» **Provided records**:
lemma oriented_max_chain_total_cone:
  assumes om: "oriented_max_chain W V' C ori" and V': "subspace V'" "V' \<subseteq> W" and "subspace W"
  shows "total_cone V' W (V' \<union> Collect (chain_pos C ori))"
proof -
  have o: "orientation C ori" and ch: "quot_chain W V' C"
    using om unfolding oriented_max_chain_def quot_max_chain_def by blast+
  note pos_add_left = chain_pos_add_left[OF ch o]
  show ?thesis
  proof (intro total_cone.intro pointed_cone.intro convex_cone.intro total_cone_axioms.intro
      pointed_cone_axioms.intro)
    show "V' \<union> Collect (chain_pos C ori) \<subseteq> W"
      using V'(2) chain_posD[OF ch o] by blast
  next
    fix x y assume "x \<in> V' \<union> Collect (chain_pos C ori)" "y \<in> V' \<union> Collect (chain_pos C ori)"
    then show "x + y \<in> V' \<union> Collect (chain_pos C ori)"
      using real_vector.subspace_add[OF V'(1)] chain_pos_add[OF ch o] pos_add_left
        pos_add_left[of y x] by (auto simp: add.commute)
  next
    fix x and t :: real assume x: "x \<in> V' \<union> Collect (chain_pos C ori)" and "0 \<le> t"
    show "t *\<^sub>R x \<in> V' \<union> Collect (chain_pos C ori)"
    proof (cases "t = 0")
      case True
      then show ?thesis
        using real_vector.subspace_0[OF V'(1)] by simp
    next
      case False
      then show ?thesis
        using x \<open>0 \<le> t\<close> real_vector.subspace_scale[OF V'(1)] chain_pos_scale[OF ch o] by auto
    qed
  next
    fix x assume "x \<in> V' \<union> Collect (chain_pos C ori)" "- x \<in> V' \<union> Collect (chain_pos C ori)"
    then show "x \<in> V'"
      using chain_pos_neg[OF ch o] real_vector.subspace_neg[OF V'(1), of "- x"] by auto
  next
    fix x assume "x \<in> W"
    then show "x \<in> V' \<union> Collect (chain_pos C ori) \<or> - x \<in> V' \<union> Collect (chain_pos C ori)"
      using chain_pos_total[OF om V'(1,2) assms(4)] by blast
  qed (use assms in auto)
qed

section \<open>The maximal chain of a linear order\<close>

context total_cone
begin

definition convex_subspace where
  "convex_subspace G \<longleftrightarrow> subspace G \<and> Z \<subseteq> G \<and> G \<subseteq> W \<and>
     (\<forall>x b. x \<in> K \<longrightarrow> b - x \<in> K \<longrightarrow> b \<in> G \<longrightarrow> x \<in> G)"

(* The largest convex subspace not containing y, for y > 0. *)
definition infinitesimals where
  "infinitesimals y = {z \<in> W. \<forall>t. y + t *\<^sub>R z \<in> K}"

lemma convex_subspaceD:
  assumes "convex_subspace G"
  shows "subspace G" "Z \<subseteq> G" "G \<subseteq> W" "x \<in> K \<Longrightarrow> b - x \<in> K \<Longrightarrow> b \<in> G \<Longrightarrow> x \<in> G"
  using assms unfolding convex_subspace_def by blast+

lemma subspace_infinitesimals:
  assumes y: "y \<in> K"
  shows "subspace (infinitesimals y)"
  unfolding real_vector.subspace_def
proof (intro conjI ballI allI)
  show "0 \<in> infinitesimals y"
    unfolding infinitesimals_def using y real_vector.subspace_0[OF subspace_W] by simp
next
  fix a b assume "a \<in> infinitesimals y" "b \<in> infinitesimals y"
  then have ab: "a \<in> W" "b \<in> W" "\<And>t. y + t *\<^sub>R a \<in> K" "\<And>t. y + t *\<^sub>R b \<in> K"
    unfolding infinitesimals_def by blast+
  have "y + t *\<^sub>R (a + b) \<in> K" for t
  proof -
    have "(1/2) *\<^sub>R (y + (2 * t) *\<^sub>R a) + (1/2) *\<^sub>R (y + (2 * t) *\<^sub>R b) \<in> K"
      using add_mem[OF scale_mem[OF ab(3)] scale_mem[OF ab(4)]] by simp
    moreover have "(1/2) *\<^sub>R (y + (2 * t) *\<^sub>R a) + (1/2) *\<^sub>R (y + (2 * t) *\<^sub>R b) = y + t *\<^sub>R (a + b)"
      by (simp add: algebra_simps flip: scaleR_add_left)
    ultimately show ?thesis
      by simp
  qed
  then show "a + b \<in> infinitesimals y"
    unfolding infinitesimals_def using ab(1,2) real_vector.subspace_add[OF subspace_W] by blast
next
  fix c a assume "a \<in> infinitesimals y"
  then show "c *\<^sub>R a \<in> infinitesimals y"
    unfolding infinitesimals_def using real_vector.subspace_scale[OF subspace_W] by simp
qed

» **Work to be completed**: From the beginning of the listing above down to the line with "definition convex_subspace where", every line should be restated exactly.

» **Answer section**:
lemma oriented_max_chain_total_cone:
  assumes om: "oriented_max_chain W V' C ori" and V': "subspace V'" "V' \<subseteq> W" and "subspace W"
  shows "total_cone V' W (V' \<union> Collect (chain_pos C ori))"
proof -
  have o: "orientation C ori" and ch: "quot_chain W V' C"
    using om unfolding oriented_max_chain_def quot_max_chain_def by blast+
  note pos_add_left = chain_pos_add_left[OF ch o]
  show ?thesis
  proof (intro total_cone.intro pointed_cone.intro convex_cone.intro total_cone_axioms.intro
      pointed_cone_axioms.intro)
    show "V' \<union> Collect (chain_pos C ori) \<subseteq> W"
      using V'(2) chain_posD[OF ch o] by blast
  next
    fix x y assume "x \<in> V' \<union> Collect (chain_pos C ori)" "y \<in> V' \<union> Collect (chain_pos C ori)"
    then show "x + y \<in> V' \<union> Collect (chain_pos C ori)"
      using real_vector.subspace_add[OF V'(1)] chain_pos_add[OF ch o] pos_add_left
        pos_add_left[of y x] by (auto simp: add.commute)
  next
    fix x and t :: real assume x: "x \<in> V' \<union> Collect (chain_pos C ori)" and "0 \<le> t"
    show "t *\<^sub>R x \<in> V' \<union> Collect (chain_pos C ori)"
    proof (cases "t = 0")
      case True
      then show ?thesis
        using real_vector.subspace_0[OF V'(1)] by simp
    next
      case False
      then show ?thesis
        using x \<open>0 \<le> t\<close> real_vector.subspace_scale[OF V'(1)] chain_pos_scale[OF ch o] by auto
    qed
  next
    fix x assume "x \<in> V' \<union> Collect (chain_pos C ori)" "- x \<in> V' \<union> Collect (chain_pos C ori)"
    then show "x \<in> V'"
      using chain_pos_neg[OF ch o] real_vector.subspace_neg[OF V'(1), of "- x"] by auto
  next
    fix x assume "x \<in> W"
    then show "x \<in> V' \<union> Collect (chain_pos C ori) \<or> - x \<in> V' \<union> Collect (chain_pos C ori)"
      using chain_pos_total[OF om V'(1,2) assms(4)] by blast
  qed (use assms in auto)
qed

section \<open>The maximal chain of a linear order\<close>

context total_cone
begin

definition convex_subspace where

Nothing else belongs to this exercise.